Please enter the first letter of the next word: 
k
Computing n-gram counts with n = 1 ...
Computing n-gram counts with n = 2 ...
Computing n-gram counts with n = 3 ...
Computing n-gram counts with n = 4 ...


### **n-gram frequency matrix**

A matrix containing n-grams and their frequences for trigram (n=3) is displayed below. 

In [14]:
sentences = []
sentences.append(tokenized_input)
unique_words = list(set(sentences[0]))
unigram_counts = ngram.countNGrams(sentences, 1)
bigram_counts = ngram.countNGrams(sentences, 2)
trigram_counts = ngram.countNGrams(sentences, 3)
ngram.generateCountMatrix(trigram_counts, unique_words)

Unnamed: 0,to,would,i,like,<END>,<UNK>
"(<S>, i)",0.0,1.0,0.0,0.0,0.0,0.0
"(like, to)",0.0,0.0,0.0,0.0,1.0,0.0
"(would, like)",1.0,0.0,0.0,0.0,0.0,0.0
"(<S>, <S>)",0.0,0.0,1.0,0.0,0.0,0.0
"(i, would)",0.0,0.0,0.0,1.0,0.0,0.0


### **n-gram probabilities matrix**

A matrix containing the probability of each word and the n-gram for trigram (n=3) is displayed below.

In [15]:
ngram.generateProbabilities(["<s>", "<s>"], bigram_counts, trigram_counts, unique_words, k=0.05)
ngram.generateProbabilityMatrix(trigram_counts, unique_words, k=0.05)
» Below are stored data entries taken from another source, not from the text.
(* Let $H,\mathcal{N}\in C^\infty(\mathbb{R}^{2n})$ with $\mathcal{N}>0$, and consider on $\mathbb{R}^{2n}$ with coordinates $(q,p)\in\mathbb{R}^n\times\mathbb{R}^n$ and symplectic form $\Omega=\mathrm{d}q\wedge\mathrm{d}p$ the conformally Hamiltonian system $\dot q=\mathcal{N}\,\partial H/\partial p$, $\dot p=-\mathcal{N}\,\partial H/\partial q$. For $E\in\mathbb{R}$ let $K_E=\mathcal{N}(H-E)$ (the altered Hamiltonian), and let $\Psi_{h,E}:\mathbb{R}^{2n}\to\mathbb{R}^{2n}$ be a symplectic integrator with step size $h$ applied to the Hamiltonian system with Hamiltonian $K_E$, whose modified Hamiltonian is the formal power series $K_{mod}(q,p;h,E)=K_E(q,p)+hK_1(q,p;E)+h^2K_2(q,p;E)+\cdots$, with truncations $K^{(\ell)}_{mod}=K_E+hK_1+\dots+h^\ell K_\ell$. Let $\mathcal{E}(q,p;h)=H(q,p)+h\mathcal{E}_1(q,p)+h^2\mathcal{E}_2(q,p)+\cdots$ be the formal power series (modified conformal Hamiltonian) defined by $K_{mod}(q,p;h,\mathcal{E}(q,p;h))=0$, with truncations $\mathcal{E}^{(\ell)}=H+h\mathcal{E}_1+\dots+h^\ell\mathcal{E}_\ell$. Fix $\ell\in\mathbb{N}$ and define $\Phi^{(\ell)}_h(q,p)=\Psi_{h,\mathcal{E}^{(\ell)}(q,p;h)}(q,p)$. Then $$\Phi^{(\ell)}_h(q(t),p(t))=(q(t+h),p(t+h))+\mathcal{O}(h^{\ell+2})$$ for any solution $(q(t),p(t))$ of $$\dot q=-\frac{\partial K^{(\ell)}_{mod}}{\partial E}\big(q,p;h,\mathcal{E}^{(\ell)}(q,p;h)\big)\frac{\partial\mathcal{E}^{(\ell)}}{\partial p}(q,p;h),\qquad \dot p=\frac{\partial K^{(\ell)}_{mod}}{\partial E}\big(q,p;h,\mathcal{E}^{(\ell)}(q,p;h)\big)\frac{\partial\mathcal{E}^{(\ell)}}{\partial q}(q,p;h).$$ Moreover, for sufficiently small $h$ this system is conformally Hamiltonian, with Hamiltonian $\mathcal{E}^{(\ell)}(\cdot;h)$ and conformal factor $\mathcal{N}^{(\ell)}_{mod}(q,p;h)=-\frac{\partial K^{(\ell)}_{mod}}{\partial E}\big(q,p;h,\mathcal{E}^{(\ell)}(q,p;h)\big)$.
   Context: A consistent numerical integrator for a vector field $f$ is a family of maps $\Psi_h$ with $\Psi_h(x)=x+hf(x)+\mathcal{O}(h^2)$; it is symplectic if, when applied to Hamiltonian vector fields, $\Psi_h^*\Omega=\Omega$. For a symplectic integrator applied to a Hamiltonian system with Hamiltonian $K$, the modified Hamiltonian is a formal power series $K+hK_1+h^2K_2+\cdots$ such that, for each $\ell$, solutions $x(t)$ of the Hamiltonian system with Hamiltonian given by its truncation after the $h^\ell$ term satisfy $\Psi_h(x(t))=x(t+h)+\mathcal{O}(h^{\ell+2})$. The series $\mathcal{E}$ exists as a formal power series by the implicit function theorem applied order by order (since $\partial K_E/\partial E=-\mathcal{N}\neq0$), and its truncation satisfies $K^{(\ell)}_{mod}(q,p;h,\mathcal{E}^{(\ell)}(q,p;h))=\mathcal{O}(h^{\ell+1})$. A vector field $X$ is conformally Hamiltonian with Hamiltonian $F$ and conformal factor $M>0$ if $\mathbf{i}_X\Omega=M\,\mathrm{d}F$, i.e. $\dot q=M\,\partial F/\partial p$, $\dot p=-M\,\partial F/\partial q$. *)

theory Defs
  imports "HOL-Analysis.Analysis"
begin

fun Ck :: "nat \<Rightarrow> ('a::euclidean_space \<Rightarrow> real) \<Rightarrow> bool" where
  "Ck 0 f = continuous_on UNIV f"
| "Ck (Suc k) f = ((\<forall>x. f differentiable (at x)) \<and>
                    (\<forall>v. Ck k (\<lambda>x. frechet_derivative f (at x) v)))"

definition smooth :: "('a::euclidean_space \<Rightarrow> real) \<Rightarrow> bool" where
  "smooth f \<longleftrightarrow> (\<forall>k. Ck k f)"

definition dq :: "((real^'n) \<times> (real^'n) \<Rightarrow> real) \<Rightarrow> (real^'n) \<times> (real^'n) \<Rightarrow> real^'n" where
  "dq F x = (\<chi> i. frechet_derivative F (at x) (axis i 1, 0))"

definition dp :: "((real^'n) \<times> (real^'n) \<Rightarrow> real) \<Rightarrow> (real^'n) \<times> (real^'n) \<Rightarrow> real^'n" where
  "dp F x = (\<chi> i. frechet_derivative F (at x) (0, axis i 1))"

definition ham_field :: "((real^'n) \<times> (real^'n) \<Rightarrow> real) \<Rightarrow> (real^'n) \<times> (real^'n) \<Rightarrow> (real^'n) \<times> (real^'n)" where
  "ham_field K x = (dp K x, - dq K x)"

definition symp_form :: "(real^'n) \<times> (real^'n) \<Rightarrow> (real^'n) \<times> (real^'n) \<Rightarrow> real" where
  "symp_form u v = fst u \<bullet> snd v - snd u \<bullet> fst v"

definition conf_hamiltonian_on ::
  "((real^'n) \<times> (real^'n) \<Rightarrow> (real^'n) \<times> (real^'n)) \<Rightarrow> ((real^'n) \<times> (real^'n) \<Rightarrow> real)
   \<Rightarrow> ((real^'n) \<times> (real^'n) \<Rightarrow> real) \<Rightarrow> ((real^'n) \<times> (real^'n)) set \<Rightarrow> bool" where
  "conf_hamiltonian_on X F M U \<longleftrightarrow>
     (\<forall>x\<in>U. M x > 0 \<and> X x = (M x *\<^sub>R dp F x, - (M x *\<^sub>R dq F x)))"

definition solves_on :: "('a::real_normed_vector \<Rightarrow> 'a) \<Rightarrow> (real \<Rightarrow> 'a) \<Rightarrow> real set \<Rightarrow> bool" where
  "solves_on X y T \<longleftrightarrow> (\<forall>s\<in>T. (y has_vector_derivative X (y s)) (at s within T))"

definition Kt :: "((real^'n) \<times> (real^'n) \<Rightarrow> real) \<Rightarrow> ((real^'n) \<times> (real^'n) \<Rightarrow> real)
   \<Rightarrow> (nat \<Rightarrow> (real^'n) \<times> (real^'n) \<Rightarrow> real \<Rightarrow> real) \<Rightarrow> nat \<Rightarrow> real
   \<Rightarrow> (real^'n) \<times> (real^'n) \<Rightarrow> real \<Rightarrow> real" where
  "Kt H N K l h x E = N x * (H x - E) + (\<Sum>j=1..l. h ^ j * K j x E)"

definition Et :: "((real^'n) \<times> (real^'n) \<Rightarrow> real) \<Rightarrow> (nat \<Rightarrow> (real^'n) \<times> (real^'n) \<Rightarrow> real)
   \<Rightarrow> nat \<Rightarrow> real \<Rightarrow> (real^'n) \<times> (real^'n) \<Rightarrow> real" where
  "Et H Ec l h x = H x + (\<Sum>j=1..l. h ^ j * Ec j x)"

definition symplectic_integrator ::
  "((real^'n) \<times> (real^'n) \<Rightarrow> real) \<Rightarrow> ((real^'n) \<times> (real^'n) \<Rightarrow> real)
   \<Rightarrow> (real \<Rightarrow> real \<Rightarrow> (real^'n) \<times> (real^'n) \<Rightarrow> (real^'n) \<times> (real^'n)) \<Rightarrow> bool" where
  "symplectic_integrator H N Psi \<longleftrightarrow>
     (\<forall>x0 E0. \<exists>C \<delta>. \<delta> > 0 \<and>
        (\<forall>h x E. 0 < h \<and> h < \<delta> \<and> dist x x0 < \<delta> \<and> \<bar>E - E0\<bar> < \<delta> \<longrightarrow>
           norm (Psi h E x - (x + h *\<^sub>R ham_field (\<lambda>w. N w * (H w - E)) x)) \<le> C * h\<^sup>2)) \<and>
     (\<forall>h E. 0 < h \<longrightarrow>
        (\<forall>x. Psi h E differentiable (at x) \<and>
             (\<forall>u v. symp_form (frechet_derivative (Psi h E) (at x) u)
                               (frechet_derivative (Psi h E) (at x) v) = symp_form u v)))"

definition is_modified_hamiltonian ::
  "((real^'n) \<times> (real^'n) \<Rightarrow> real) \<Rightarrow> ((real^'n) \<times> (real^'n) \<Rightarrow> real)
   \<Rightarrow> (nat \<Rightarrow> (real^'n) \<times> (real^'n) \<Rightarrow> real \<Rightarrow> real)
   \<Rightarrow> (real \<Rightarrow> real \<Rightarrow> (real^'n) \<times> (real^'n) \<Rightarrow> (real^'n) \<times> (real^'n)) \<Rightarrow> bool" where
  "is_modified_hamiltonian H N K Psi \<longleftrightarrow>
     (\<forall>m x0 E0. \<exists>C \<delta>. \<delta> > 0 \<and>
        (\<forall>h x E t y. 0 < h \<and> h < \<delta> \<and> dist x x0 < \<delta> \<and> \<bar>E - E0\<bar> < \<delta> \<and>
            solves_on (ham_field (\<lambda>w. Kt H N K m h w E)) y {t..t+h} \<and> y t = x \<longrightarrow>
            norm (Psi h E x - y (t + h)) \<le> C * h ^ (m + 2)))"

text \<open>E = H + h E_1 + h^2 E_2 + ... solves K_mod(x;h,E(x;h)) = 0 as a formal power series in h:
  for every order m, the Taylor coefficients of order 0..m at h = 0 of
  h \<mapsto> K^(m)_mod(x;h,E^(m)(x;h)) vanish (these coefficients only involve K_j, E_j with j \<le> m).\<close>
definition modified_conformal_hamiltonian ::
  "((real^'n) \<times> (real^'n) \<Rightarrow> real) \<Rightarrow> ((real^'n) \<times> (real^'n) \<Rightarrow> real)
   \<Rightarrow> (nat \<Rightarrow> (real^'n) \<times> (real^'n) \<Rightarrow> real \<Rightarrow> real)
   \<Rightarrow> (nat \<Rightarrow> (real^'n) \<times> (real^'n) \<Rightarrow> real) \<Rightarrow> bool" where
  "modified_conformal_hamiltonian H N K Ec \<longleftrightarrow>
     (\<forall>m k x. k \<le> m \<longrightarrow> (deriv ^^ k) (\<lambda>h. Kt H N K m h x (Et H Ec m h x)) 0 = 0)"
Unnamed: 0,to,would,i,like,<END>,<UNK>
"(<S>, i)",0.038462,0.807692,0.038462,0.038462,0.038462,0.038462
"(like, to)",0.038462,0.038462,0.038462,0.038462,0.807692,0.038462
"(would, like)",0.807692,0.038462,0.038462,0.038462,0.038462,0.038462
"(<S>, <S>)",0.038462,0.038462,0.807692,0.038462,0.038462,0.038462
"(i, would)",0.038462,0.038462,0.038462,0.807692,0.038462,0.038462


### **Word Prediction**

Finally, a list of words predicted for auto-complete are displayed along in order of their calculated probabilities.

In [16]:
word_prediction_df = pd.DataFrame(word_prediction_list, columns=['Next word', 'Probability'])
word_prediction_df['N-gram'] = range(1, len(word_prediction_df) + 1)
word_prediction_df.sort_values('Probability', inplace=True, ascending=False)
word_prediction_df

Unnamed: 0,Next word,Probability,N-gram
0,know,0.0077868913801619,1
1,know,0.0036000944287063,2
2,keep,6.49182030641e-05,3


# Part H: Evaluating the n-gram model

Language Models are evaluated through a metric known as **Perplexity (PP)**. The perplexity of a language model on a test set is the test set's inverse probability normalised by the number of words. As inverse is taken, the lower the perplexity, the higher the conditional probability of the word sequence.
Perplexity can be calculated using the formula given below -

\begin{equation}
 PP(W)= \sqrt[N]{\prod_{i=1}^{N}{\frac{1}{P(w_i|w_{i-1})}}}
\end{equation}

where 
test set W = w1, w2, ...wN,

length of the sentence = N

### **Calculating Perplexity**

In [17]:
unigram_counts = ngram.countNGrams(sentences, 1)
bigram_counts = ngram.countNGrams(sentences, 2)
unique_words = set(tokenized_input)
perplexity_test = perplexity.getPerplexity(tokenized_input,
                                       unigram_counts, bigram_counts,
                                       len(unique_words), k=0.05)
print(f"Perplexity calculated: {perplexity_test:.4f}")

Perplexity calculated: 1.1177


In other words, minimising perplexity is equivalent to maximising test set probability of a language model.